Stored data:

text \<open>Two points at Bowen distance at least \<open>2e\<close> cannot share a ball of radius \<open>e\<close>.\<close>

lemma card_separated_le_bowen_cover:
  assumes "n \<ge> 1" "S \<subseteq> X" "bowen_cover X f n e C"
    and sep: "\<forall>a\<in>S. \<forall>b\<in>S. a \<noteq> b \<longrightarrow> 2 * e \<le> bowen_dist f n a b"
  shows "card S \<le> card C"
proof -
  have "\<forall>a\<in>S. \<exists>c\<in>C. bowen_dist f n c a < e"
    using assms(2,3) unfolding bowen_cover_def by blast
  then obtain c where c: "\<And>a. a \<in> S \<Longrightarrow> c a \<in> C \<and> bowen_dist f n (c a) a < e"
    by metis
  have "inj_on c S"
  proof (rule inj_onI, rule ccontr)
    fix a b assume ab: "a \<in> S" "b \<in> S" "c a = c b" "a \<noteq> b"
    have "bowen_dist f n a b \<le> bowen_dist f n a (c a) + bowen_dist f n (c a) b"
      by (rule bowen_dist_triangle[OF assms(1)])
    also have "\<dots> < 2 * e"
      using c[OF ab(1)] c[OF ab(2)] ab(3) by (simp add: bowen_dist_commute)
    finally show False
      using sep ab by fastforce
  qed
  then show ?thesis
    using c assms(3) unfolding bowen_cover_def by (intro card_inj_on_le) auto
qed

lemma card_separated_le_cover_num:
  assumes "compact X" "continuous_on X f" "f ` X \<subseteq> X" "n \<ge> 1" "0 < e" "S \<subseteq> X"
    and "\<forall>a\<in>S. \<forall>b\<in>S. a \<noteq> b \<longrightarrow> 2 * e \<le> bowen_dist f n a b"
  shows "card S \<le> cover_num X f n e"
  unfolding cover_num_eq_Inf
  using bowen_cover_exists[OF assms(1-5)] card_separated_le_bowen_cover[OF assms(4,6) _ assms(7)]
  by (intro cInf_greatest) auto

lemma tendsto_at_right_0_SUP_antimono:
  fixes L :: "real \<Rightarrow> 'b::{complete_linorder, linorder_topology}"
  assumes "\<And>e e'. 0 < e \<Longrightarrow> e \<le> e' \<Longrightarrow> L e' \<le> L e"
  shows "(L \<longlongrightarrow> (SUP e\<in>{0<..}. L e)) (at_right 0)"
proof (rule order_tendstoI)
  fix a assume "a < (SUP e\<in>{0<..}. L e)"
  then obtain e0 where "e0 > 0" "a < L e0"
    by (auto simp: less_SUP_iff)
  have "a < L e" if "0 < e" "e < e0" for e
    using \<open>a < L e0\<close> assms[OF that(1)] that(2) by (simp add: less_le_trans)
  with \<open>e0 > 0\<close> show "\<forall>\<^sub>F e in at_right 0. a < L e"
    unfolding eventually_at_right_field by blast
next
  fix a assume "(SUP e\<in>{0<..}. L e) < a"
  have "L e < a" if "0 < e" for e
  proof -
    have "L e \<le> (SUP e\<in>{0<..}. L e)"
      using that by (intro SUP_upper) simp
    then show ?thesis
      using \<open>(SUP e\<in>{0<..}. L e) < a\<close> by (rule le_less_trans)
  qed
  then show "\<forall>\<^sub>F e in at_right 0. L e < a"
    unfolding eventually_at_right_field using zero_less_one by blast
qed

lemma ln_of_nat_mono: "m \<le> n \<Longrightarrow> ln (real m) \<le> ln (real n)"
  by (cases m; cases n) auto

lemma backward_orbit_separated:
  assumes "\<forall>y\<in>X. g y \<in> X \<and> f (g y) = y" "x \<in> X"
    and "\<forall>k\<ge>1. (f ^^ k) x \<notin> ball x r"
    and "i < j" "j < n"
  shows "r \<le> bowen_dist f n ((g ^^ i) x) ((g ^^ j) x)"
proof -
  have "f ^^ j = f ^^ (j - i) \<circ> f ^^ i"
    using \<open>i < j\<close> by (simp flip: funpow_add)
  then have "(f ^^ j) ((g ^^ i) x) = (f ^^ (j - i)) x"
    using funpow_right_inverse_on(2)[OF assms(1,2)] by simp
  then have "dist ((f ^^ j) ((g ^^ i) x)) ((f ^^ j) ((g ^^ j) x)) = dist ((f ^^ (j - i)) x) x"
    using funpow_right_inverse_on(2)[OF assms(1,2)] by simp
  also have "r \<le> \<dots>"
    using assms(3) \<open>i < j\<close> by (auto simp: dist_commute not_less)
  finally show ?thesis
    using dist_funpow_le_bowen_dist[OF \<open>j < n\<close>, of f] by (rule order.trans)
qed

* Exercise objective *
Whenever the string "blast" shows up in a line of the records, copy that line.

* Task solution *
    using assms(2,3) unfolding bowen_cover_def by blast
    unfolding eventually_at_right_field by blast
    unfolding eventually_at_right_field using zero_less_one by blast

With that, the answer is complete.